BEGIN LISTED ENTRIES
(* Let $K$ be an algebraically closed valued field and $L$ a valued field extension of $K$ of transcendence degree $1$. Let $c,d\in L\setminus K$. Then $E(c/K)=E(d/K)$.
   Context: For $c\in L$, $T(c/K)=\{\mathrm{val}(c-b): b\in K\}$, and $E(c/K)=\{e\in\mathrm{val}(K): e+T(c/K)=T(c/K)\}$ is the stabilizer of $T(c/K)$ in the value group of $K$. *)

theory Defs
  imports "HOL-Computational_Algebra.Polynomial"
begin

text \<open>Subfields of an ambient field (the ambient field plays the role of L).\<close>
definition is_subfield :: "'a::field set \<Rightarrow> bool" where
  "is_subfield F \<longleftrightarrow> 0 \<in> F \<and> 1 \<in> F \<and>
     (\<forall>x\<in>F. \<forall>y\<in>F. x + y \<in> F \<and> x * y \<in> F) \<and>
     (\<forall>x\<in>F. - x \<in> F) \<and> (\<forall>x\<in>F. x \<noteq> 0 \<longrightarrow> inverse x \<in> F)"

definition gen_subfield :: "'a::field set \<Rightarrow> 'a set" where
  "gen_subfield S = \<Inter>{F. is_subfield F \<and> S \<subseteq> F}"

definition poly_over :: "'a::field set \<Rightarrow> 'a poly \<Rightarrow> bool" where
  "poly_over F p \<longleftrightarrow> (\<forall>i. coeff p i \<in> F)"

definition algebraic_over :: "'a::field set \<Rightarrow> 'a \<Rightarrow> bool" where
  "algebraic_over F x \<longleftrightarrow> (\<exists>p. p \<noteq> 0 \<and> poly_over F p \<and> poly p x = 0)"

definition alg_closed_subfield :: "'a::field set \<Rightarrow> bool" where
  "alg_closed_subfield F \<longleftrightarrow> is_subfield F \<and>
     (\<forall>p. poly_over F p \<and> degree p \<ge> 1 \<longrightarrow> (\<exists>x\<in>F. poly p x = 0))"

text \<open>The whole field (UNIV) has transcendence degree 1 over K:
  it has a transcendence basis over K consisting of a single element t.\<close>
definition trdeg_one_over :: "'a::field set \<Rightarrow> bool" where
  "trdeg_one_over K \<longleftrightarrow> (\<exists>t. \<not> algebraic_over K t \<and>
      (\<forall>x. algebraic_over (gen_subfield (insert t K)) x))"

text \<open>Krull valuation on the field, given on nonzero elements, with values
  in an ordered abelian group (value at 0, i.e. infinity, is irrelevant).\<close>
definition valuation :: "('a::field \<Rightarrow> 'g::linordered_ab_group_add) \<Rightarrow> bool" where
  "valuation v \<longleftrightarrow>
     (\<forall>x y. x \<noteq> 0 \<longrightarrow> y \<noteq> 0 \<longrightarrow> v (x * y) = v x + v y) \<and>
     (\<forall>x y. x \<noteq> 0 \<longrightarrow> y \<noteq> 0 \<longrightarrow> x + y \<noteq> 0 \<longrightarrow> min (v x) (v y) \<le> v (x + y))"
END LISTED ENTRIES
BEGIN LISTED ENTRIES
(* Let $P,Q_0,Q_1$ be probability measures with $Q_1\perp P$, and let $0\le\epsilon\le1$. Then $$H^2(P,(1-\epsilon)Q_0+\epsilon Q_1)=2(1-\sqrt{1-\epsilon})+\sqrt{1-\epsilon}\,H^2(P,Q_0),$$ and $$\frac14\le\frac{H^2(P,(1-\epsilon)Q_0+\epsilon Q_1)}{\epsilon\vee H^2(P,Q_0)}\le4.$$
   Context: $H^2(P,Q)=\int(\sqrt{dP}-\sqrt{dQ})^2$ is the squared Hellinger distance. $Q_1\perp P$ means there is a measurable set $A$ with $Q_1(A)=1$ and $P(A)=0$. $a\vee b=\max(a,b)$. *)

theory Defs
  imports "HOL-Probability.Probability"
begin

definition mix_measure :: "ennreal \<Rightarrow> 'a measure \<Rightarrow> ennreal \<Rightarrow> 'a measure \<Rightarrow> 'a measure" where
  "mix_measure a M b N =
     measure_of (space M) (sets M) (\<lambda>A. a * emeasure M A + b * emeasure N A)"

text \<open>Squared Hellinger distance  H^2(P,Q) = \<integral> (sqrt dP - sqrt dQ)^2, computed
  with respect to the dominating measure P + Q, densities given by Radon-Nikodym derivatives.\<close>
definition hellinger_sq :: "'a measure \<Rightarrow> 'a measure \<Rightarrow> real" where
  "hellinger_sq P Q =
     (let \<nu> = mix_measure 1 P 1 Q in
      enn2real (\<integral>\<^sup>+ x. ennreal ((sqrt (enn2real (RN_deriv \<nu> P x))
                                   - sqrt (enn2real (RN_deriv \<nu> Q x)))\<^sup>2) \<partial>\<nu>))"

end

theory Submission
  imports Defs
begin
END LISTED ENTRIES
TO DO.
Please make an exact copy of the lines above from the line with "and $P(A)=0$. $a\vee b=\max(a,b)$. *)" through the line with "with respect to", both ends included.

RESULT FOR THIS TASK.
   Context: $H^2(P,Q)=\int(\sqrt{dP}-\sqrt{dQ})^2$ is the squared Hellinger distance. $Q_1\perp P$ means there is a measurable set $A$ with $Q_1(A)=1$ and $P(A)=0$. $a\vee b=\max(a,b)$. *)

theory Defs
  imports "HOL-Probability.Probability"
begin

definition mix_measure :: "ennreal \<Rightarrow> 'a measure \<Rightarrow> ennreal \<Rightarrow> 'a measure \<Rightarrow> 'a measure" where
  "mix_measure a M b N =
     measure_of (space M) (sets M) (\<lambda>A. a * emeasure M A + b * emeasure N A)"

text \<open>Squared Hellinger distance  H^2(P,Q) = \<integral> (sqrt dP - sqrt dQ)^2, computed
  with respect to the dominating measure P + Q, densities given by Radon-Nikodym derivatives.\<close>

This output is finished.